* Task to complete:
Beginning at the line that contains "lborel (\<lambda>v'. C", write out every line down to the end of the records, with both ends kept and nothing added.
[Data provided Boundary: Start]
lemma directional_derivative_sigma_integral:
  assumes \<phi>: "integrable lborel \<phi>"
  shows "((\<lambda>t. \<integral>v'. \<sigma> v' (v + t *\<^sub>R e) * \<phi> v' \<partial>lborel) has_real_derivative
            (\<integral>v'. D\<sigma> v' v e * \<phi> v' \<partial>lborel)) (at 0)"
    and "\<bar>\<integral>v'. D\<sigma> v' v e * \<phi> v' \<partial>lborel\<bar> \<le> C * norm e * (\<integral>v'. \<bar>\<phi> v'\<bar> \<partial>lborel)"
proof -
  have [measurable]: "\<phi> \<in> borel_measurable lborel" using \<phi> by auto
  have lin: "bounded_linear (D\<sigma> v' v)" for v' using sigma_grad has_derivative_bounded_linear by blast
  have D_bound: "\<bar>D\<sigma> v' v e\<bar> \<le> C * norm e" for v'
  proof -
    have "\<bar>D\<sigma> v' v e\<bar> \<le> onorm (D\<sigma> v' v) * norm e" using onorm[OF lin[of v'], of e] by simp
    also have "\<dots> \<le> C * norm e"
      using sigma_grad_bound[of v' v] divide_one_plus_norm_le[OF C_nonneg, of v]
      by (intro mult_right_mono) auto
    finally show ?thesis .
  qed
  have difference_quotient: "((\<lambda>t. (\<sigma> v' (v + t *\<^sub>R e) - \<sigma> v' v) / t) \<longlongrightarrow> D\<sigma> v' v e) (at 0)" for v'
    using has_real_derivative_along_line[OF sigma_grad[of v' v], of e]
    unfolding has_field_derivative_iff by simp
  let ?G = "\<lambda>t. \<integral>v'. \<sigma> v' (v + t *\<^sub>R e) * \<phi> v' \<partial>lborel"
  let ?D = "\<lambda>v'. D\<sigma> v' v e * \<phi> v'"
  \<comment> \<open>dominated convergence along every sequence \<open>X \<longlonglongrightarrow> 0\<close>, with the Lipschitz bound
    on \<open>\<sigma>\<close> as majorant\<close>
  have sequential: "(\<lambda>i. (?G (X i) - ?G 0) / (X i - 0)) \<longlonglongrightarrow> integral\<^sup>L lborel ?D
            \<and> integrable lborel ?D"
    if X: "\<And>i. X i \<noteq> 0" "X \<longlonglongrightarrow> 0" for X :: "nat \<Rightarrow> real"
  proof -
    define s where "s i v' = (\<sigma> v' (v + X i *\<^sub>R e) * \<phi> v' - \<sigma> v' v * \<phi> v') / X i" for i v'
    have s_eq: "(?G (X i) - ?G 0) / (X i - 0) = integral\<^sup>L lborel (s i)" for i
      unfolding s_def using integrable_sigma_mult[OF \<phi>] by (simp add: integral_diff)
    have lim: "(\<lambda>i. s i v') \<longlonglongrightarrow> ?D v'" for v'
    proof -
      have "filterlim X (at 0) sequentially"
        using X by (intro filterlim_atI) auto
      from filterlim_compose[OF difference_quotient[of v'] this]
      have "(\<lambda>i. (\<sigma> v' (v + X i *\<^sub>R e) - \<sigma> v' v) / X i * \<phi> v') \<longlonglongrightarrow> ?D v'"
        by (intro tendsto_intros) (simp add: comp_def)
      then show ?thesis unfolding s_def by (simp add: left_diff_distrib)
    qed
    have s_meas[measurable]: "s i \<in> borel_measurable lborel" for i unfolding s_def by measurable
    have D_meas: "?D \<in> borel_measurable lborel"
      by (rule borel_measurable_LIMSEQ_metric[OF s_meas lim])
    have bound: "norm (s i v') \<le> C * norm e * \<bar>\<phi> v'\<bar>" for i v'
    proof -
      have "\<bar>\<sigma> v' (v + X i *\<^sub>R e) - \<sigma> v' v\<bar> \<le> C * (\<bar>X i\<bar> * norm e)"
        using sigma_lipschitz_right[of v' "v + X i *\<^sub>R e" v] by simp
      then have "\<bar>\<sigma> v' (v + X i *\<^sub>R e) - \<sigma> v' v\<bar> / \<bar>X i\<bar> * \<bar>\<phi> v'\<bar> \<le> C * norm e * \<bar>\<phi> v'\<bar>"
        using X(1)[of i] by (intro mult_right_mono) (simp_all add: divide_le_eq mult_ac)
      moreover have "norm (s i v') = \<bar>\<sigma> v' (v + X i *\<^sub>R e) - \<sigma> v' v\<bar> / \<bar>X i\<bar> * \<bar>\<phi> v'\<bar>"
        unfolding s_def by (simp add: left_diff_distrib[symmetric] abs_mult)
      ultimately show ?thesis by simp
    qed
    have "integrable lborel (\<lambda>v'. C * norm e * \<bar>\<phi> v'\<bar>)" using \<phi> by auto
    from integrable_dominated_convergence[where s=s, OF D_meas s_meas this]
      integral_dominated_convergence[where s=s, OF D_meas s_meas this]
    show ?thesis unfolding s_eq using lim bound by auto
  qed
  show "(?G has_real_derivative integral\<^sup>L lborel ?D) (at 0)"
    unfolding has_field_derivative_iff tendsto_at_iff_sequentially
    using sequential by (auto simp: comp_def)
  have "(\<lambda>i. 1 / (real i + 1)) \<longlonglongrightarrow> 0"
    using LIMSEQ_inverse_real_of_nat by (simp add: inverse_eq_divide add.commute)
  then have "integrable lborel ?D"
    using sequential[of "\<lambda>i. 1 / (real i + 1)"] by simp
  then have "\<bar>integral\<^sup>L lborel ?D\<bar> \<le> (\<integral>v'. C * norm e * \<bar>\<phi> v'\<bar> \<partial>lborel)"
    using \<phi> D_bound
    by (intro integral_abs_bound_integral) (auto simp: abs_mult intro!: mult_right_mono)
  then show "\<bar>integral\<^sup>L lborel ?D\<bar> \<le> C * norm e * (\<integral>v'. \<bar>\<phi> v'\<bar> \<partial>lborel)" by simp
qed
[Data provided Boundary: End]
* Task output:
    have "integrable lborel (\<lambda>v'. C * norm e * \<bar>\<phi> v'\<bar>)" using \<phi> by auto
    from integrable_dominated_convergence[where s=s, OF D_meas s_meas this]
      integral_dominated_convergence[where s=s, OF D_meas s_meas this]
    show ?thesis unfolding s_eq using lim bound by auto
  qed
  show "(?G has_real_derivative integral\<^sup>L lborel ?D) (at 0)"
    unfolding has_field_derivative_iff tendsto_at_iff_sequentially
    using sequential by (auto simp: comp_def)
  have "(\<lambda>i. 1 / (real i + 1)) \<longlonglongrightarrow> 0"
    using LIMSEQ_inverse_real_of_nat by (simp add: inverse_eq_divide add.commute)
  then have "integrable lborel ?D"
    using sequential[of "\<lambda>i. 1 / (real i + 1)"] by simp
  then have "\<bar>integral\<^sup>L lborel ?D\<bar> \<le> (\<integral>v'. C * norm e * \<bar>\<phi> v'\<bar> \<partial>lborel)"
    using \<phi> D_bound
    by (intro integral_abs_bound_integral) (auto simp: abs_mult intro!: mult_right_mono)
  then show "\<bar>integral\<^sup>L lborel ?D\<bar> \<le> C * norm e * (\<integral>v'. \<bar>\<phi> v'\<bar> \<partial>lborel)" by simp
qed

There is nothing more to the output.